INSTRUCTIONS FOR THE TASK: Reprint the listing. Every line must match the original exactly.

»»

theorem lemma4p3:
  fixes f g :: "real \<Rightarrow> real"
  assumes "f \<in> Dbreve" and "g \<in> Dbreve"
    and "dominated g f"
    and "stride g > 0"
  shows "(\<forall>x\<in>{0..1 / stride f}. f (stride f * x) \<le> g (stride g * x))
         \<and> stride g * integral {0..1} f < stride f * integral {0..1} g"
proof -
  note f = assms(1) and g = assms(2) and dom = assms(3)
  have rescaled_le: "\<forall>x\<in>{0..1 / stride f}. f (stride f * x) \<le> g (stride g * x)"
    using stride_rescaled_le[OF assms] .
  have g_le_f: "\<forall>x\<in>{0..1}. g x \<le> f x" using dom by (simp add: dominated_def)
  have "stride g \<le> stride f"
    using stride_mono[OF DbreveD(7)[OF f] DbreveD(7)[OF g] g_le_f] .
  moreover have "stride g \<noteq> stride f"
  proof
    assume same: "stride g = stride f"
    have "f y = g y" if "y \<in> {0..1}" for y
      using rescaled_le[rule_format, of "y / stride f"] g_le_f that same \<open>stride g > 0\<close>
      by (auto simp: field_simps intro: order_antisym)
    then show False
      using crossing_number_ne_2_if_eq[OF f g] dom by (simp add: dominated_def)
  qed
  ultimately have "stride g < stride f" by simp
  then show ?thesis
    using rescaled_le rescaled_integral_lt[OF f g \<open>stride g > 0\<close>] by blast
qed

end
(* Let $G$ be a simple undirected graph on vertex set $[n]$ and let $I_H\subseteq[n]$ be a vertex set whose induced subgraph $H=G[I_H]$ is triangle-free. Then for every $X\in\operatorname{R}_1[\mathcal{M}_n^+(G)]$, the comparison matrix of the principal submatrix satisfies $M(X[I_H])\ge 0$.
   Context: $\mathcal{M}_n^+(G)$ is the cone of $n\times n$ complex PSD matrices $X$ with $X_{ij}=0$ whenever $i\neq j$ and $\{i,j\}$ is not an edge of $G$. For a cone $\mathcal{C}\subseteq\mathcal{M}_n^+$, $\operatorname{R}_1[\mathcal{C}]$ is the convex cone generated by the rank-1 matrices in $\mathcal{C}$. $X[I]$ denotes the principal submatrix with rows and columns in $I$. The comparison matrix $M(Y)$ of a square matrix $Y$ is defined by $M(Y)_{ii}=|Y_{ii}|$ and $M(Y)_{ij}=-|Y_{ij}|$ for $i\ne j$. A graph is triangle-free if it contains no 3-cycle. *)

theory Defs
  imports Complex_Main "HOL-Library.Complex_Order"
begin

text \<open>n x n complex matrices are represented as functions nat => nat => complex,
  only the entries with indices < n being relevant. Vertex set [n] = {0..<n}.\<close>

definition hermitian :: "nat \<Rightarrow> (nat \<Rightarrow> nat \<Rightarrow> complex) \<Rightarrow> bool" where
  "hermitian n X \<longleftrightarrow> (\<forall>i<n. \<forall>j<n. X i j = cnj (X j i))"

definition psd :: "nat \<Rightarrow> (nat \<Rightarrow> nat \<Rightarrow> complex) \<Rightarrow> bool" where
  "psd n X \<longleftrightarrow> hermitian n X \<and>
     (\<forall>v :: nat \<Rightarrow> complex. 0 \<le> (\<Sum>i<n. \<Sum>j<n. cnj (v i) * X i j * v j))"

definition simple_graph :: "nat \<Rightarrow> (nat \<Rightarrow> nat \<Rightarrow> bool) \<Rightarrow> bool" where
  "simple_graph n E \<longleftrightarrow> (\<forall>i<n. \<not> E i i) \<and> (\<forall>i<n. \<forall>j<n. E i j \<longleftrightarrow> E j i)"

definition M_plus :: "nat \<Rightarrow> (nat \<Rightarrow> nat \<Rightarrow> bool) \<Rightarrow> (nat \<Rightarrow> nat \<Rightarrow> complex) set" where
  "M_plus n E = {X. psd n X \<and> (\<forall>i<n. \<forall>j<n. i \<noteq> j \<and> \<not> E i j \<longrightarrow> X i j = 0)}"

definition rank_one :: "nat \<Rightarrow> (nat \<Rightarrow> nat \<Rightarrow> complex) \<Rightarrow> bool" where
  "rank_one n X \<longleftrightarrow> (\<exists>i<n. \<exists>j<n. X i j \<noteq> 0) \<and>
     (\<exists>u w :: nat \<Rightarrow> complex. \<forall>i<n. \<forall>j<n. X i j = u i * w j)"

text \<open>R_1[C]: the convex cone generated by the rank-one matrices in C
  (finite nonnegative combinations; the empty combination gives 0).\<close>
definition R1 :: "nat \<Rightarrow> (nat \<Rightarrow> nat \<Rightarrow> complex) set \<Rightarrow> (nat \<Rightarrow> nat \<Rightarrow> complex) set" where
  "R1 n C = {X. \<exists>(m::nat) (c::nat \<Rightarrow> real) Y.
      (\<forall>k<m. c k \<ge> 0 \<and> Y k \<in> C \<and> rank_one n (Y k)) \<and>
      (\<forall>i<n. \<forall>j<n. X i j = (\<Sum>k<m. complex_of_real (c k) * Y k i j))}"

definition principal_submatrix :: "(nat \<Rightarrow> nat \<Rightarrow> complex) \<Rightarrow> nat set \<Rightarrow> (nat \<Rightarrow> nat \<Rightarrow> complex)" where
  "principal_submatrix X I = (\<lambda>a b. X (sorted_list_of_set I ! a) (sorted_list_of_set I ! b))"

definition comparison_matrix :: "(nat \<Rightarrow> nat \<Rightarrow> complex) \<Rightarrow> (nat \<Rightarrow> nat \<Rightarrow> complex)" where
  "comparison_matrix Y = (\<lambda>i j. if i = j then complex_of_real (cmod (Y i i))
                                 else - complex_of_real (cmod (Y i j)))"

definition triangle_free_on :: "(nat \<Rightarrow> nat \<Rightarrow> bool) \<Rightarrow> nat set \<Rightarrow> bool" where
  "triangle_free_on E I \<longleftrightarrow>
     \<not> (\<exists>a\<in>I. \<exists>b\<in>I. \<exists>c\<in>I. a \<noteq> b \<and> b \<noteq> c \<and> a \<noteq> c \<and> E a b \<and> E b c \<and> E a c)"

««

SOLUTION BELOW:
theorem lemma4p3:
  fixes f g :: "real \<Rightarrow> real"
  assumes "f \<in> Dbreve" and "g \<in> Dbreve"
    and "dominated g f"
    and "stride g > 0"
  shows "(\<forall>x\<in>{0..1 / stride f}. f (stride f * x) \<le> g (stride g * x))
         \<and> stride g * integral {0..1} f < stride f * integral {0..1} g"
proof -
  note f = assms(1) and g = assms(2) and dom = assms(3)
  have rescaled_le: "\<forall>x\<in>{0..1 / stride f}. f (stride f * x) \<le> g (stride g * x)"
    using stride_rescaled_le[OF assms] .
  have g_le_f: "\<forall>x\<in>{0..1}. g x \<le> f x" using dom by (simp add: dominated_def)
  have "stride g \<le> stride f"
    using stride_mono[OF DbreveD(7)[OF f] DbreveD(7)[OF g] g_le_f] .
  moreover have "stride g \<noteq> stride f"
  proof
    assume same: "stride g = stride f"
    have "f y = g y" if "y \<in> {0..1}" for y
      using rescaled_le[rule_format, of "y / stride f"] g_le_f that same \<open>stride g > 0\<close>
      by (auto simp: field_simps intro: order_antisym)
    then show False
      using crossing_number_ne_2_if_eq[OF f g] dom by (simp add: dominated_def)
  qed
  ultimately have "stride g < stride f" by simp
  then show ?thesis
    using rescaled_le rescaled_integral_lt[OF f g \<open>stride g > 0\<close>] by blast
qed

end
(* Let $G$ be a simple undirected graph on vertex set $[n]$ and let $I_H\subseteq[n]$ be a vertex set whose induced subgraph $H=G[I_H]$ is triangle-free. Then for every $X\in\operatorname{R}_1[\mathcal{M}_n^+(G)]$, the comparison matrix of the principal submatrix satisfies $M(X[I_H])\ge 0$.
   Context: $\mathcal{M}_n^+(G)$ is the cone of $n\times n$ complex PSD matrices $X$ with $X_{ij}=0$ whenever $i\neq j$ and $\{i,j\}$ is not an edge of $G$. For a cone $\mathcal{C}\subseteq\mathcal{M}_n^+$, $\operatorname{R}_1[\mathcal{C}]$ is the convex cone generated by the rank-1 matrices in $\mathcal{C}$. $X[I]$ denotes the principal submatrix with rows and columns in $I$. The comparison matrix $M(Y)$ of a square matrix $Y$ is defined by $M(Y)_{ii}=|Y_{ii}|$ and $M(Y)_{ij}=-|Y_{ij}|$ for $i\ne j$. A graph is triangle-free if it contains no 3-cycle. *)

theory Defs
  imports Complex_Main "HOL-Library.Complex_Order"
begin

text \<open>n x n complex matrices are represented as functions nat => nat => complex,
  only the entries with indices < n being relevant. Vertex set [n] = {0..<n}.\<close>

definition hermitian :: "nat \<Rightarrow> (nat \<Rightarrow> nat \<Rightarrow> complex) \<Rightarrow> bool" where
  "hermitian n X \<longleftrightarrow> (\<forall>i<n. \<forall>j<n. X i j = cnj (X j i))"

definition psd :: "nat \<Rightarrow> (nat \<Rightarrow> nat \<Rightarrow> complex) \<Rightarrow> bool" where
  "psd n X \<longleftrightarrow> hermitian n X \<and>
     (\<forall>v :: nat \<Rightarrow> complex. 0 \<le> (\<Sum>i<n. \<Sum>j<n. cnj (v i) * X i j * v j))"

definition simple_graph :: "nat \<Rightarrow> (nat \<Rightarrow> nat \<Rightarrow> bool) \<Rightarrow> bool" where
  "simple_graph n E \<longleftrightarrow> (\<forall>i<n. \<not> E i i) \<and> (\<forall>i<n. \<forall>j<n. E i j \<longleftrightarrow> E j i)"

definition M_plus :: "nat \<Rightarrow> (nat \<Rightarrow> nat \<Rightarrow> bool) \<Rightarrow> (nat \<Rightarrow> nat \<Rightarrow> complex) set" where
  "M_plus n E = {X. psd n X \<and> (\<forall>i<n. \<forall>j<n. i \<noteq> j \<and> \<not> E i j \<longrightarrow> X i j = 0)}"

definition rank_one :: "nat \<Rightarrow> (nat \<Rightarrow> nat \<Rightarrow> complex) \<Rightarrow> bool" where
  "rank_one n X \<longleftrightarrow> (\<exists>i<n. \<exists>j<n. X i j \<noteq> 0) \<and>
     (\<exists>u w :: nat \<Rightarrow> complex. \<forall>i<n. \<forall>j<n. X i j = u i * w j)"

text \<open>R_1[C]: the convex cone generated by the rank-one matrices in C
  (finite nonnegative combinations; the empty combination gives 0).\<close>
definition R1 :: "nat \<Rightarrow> (nat \<Rightarrow> nat \<Rightarrow> complex) set \<Rightarrow> (nat \<Rightarrow> nat \<Rightarrow> complex) set" where
  "R1 n C = {X. \<exists>(m::nat) (c::nat \<Rightarrow> real) Y.
      (\<forall>k<m. c k \<ge> 0 \<and> Y k \<in> C \<and> rank_one n (Y k)) \<and>
      (\<forall>i<n. \<forall>j<n. X i j = (\<Sum>k<m. complex_of_real (c k) * Y k i j))}"

definition principal_submatrix :: "(nat \<Rightarrow> nat \<Rightarrow> complex) \<Rightarrow> nat set \<Rightarrow> (nat \<Rightarrow> nat \<Rightarrow> complex)" where
  "principal_submatrix X I = (\<lambda>a b. X (sorted_list_of_set I ! a) (sorted_list_of_set I ! b))"

definition comparison_matrix :: "(nat \<Rightarrow> nat \<Rightarrow> complex) \<Rightarrow> (nat \<Rightarrow> nat \<Rightarrow> complex)" where
  "comparison_matrix Y = (\<lambda>i j. if i = j then complex_of_real (cmod (Y i i))
                                 else - complex_of_real (cmod (Y i j)))"

definition triangle_free_on :: "(nat \<Rightarrow> nat \<Rightarrow> bool) \<Rightarrow> nat set \<Rightarrow> bool" where
  "triangle_free_on E I \<longleftrightarrow>
     \<not> (\<exists>a\<in>I. \<exists>b\<in>I. \<exists>c\<in>I. a \<noteq> b \<and> b \<noteq> c \<and> a \<noteq> c \<and> E a b \<and> E b c \<and> E a c)"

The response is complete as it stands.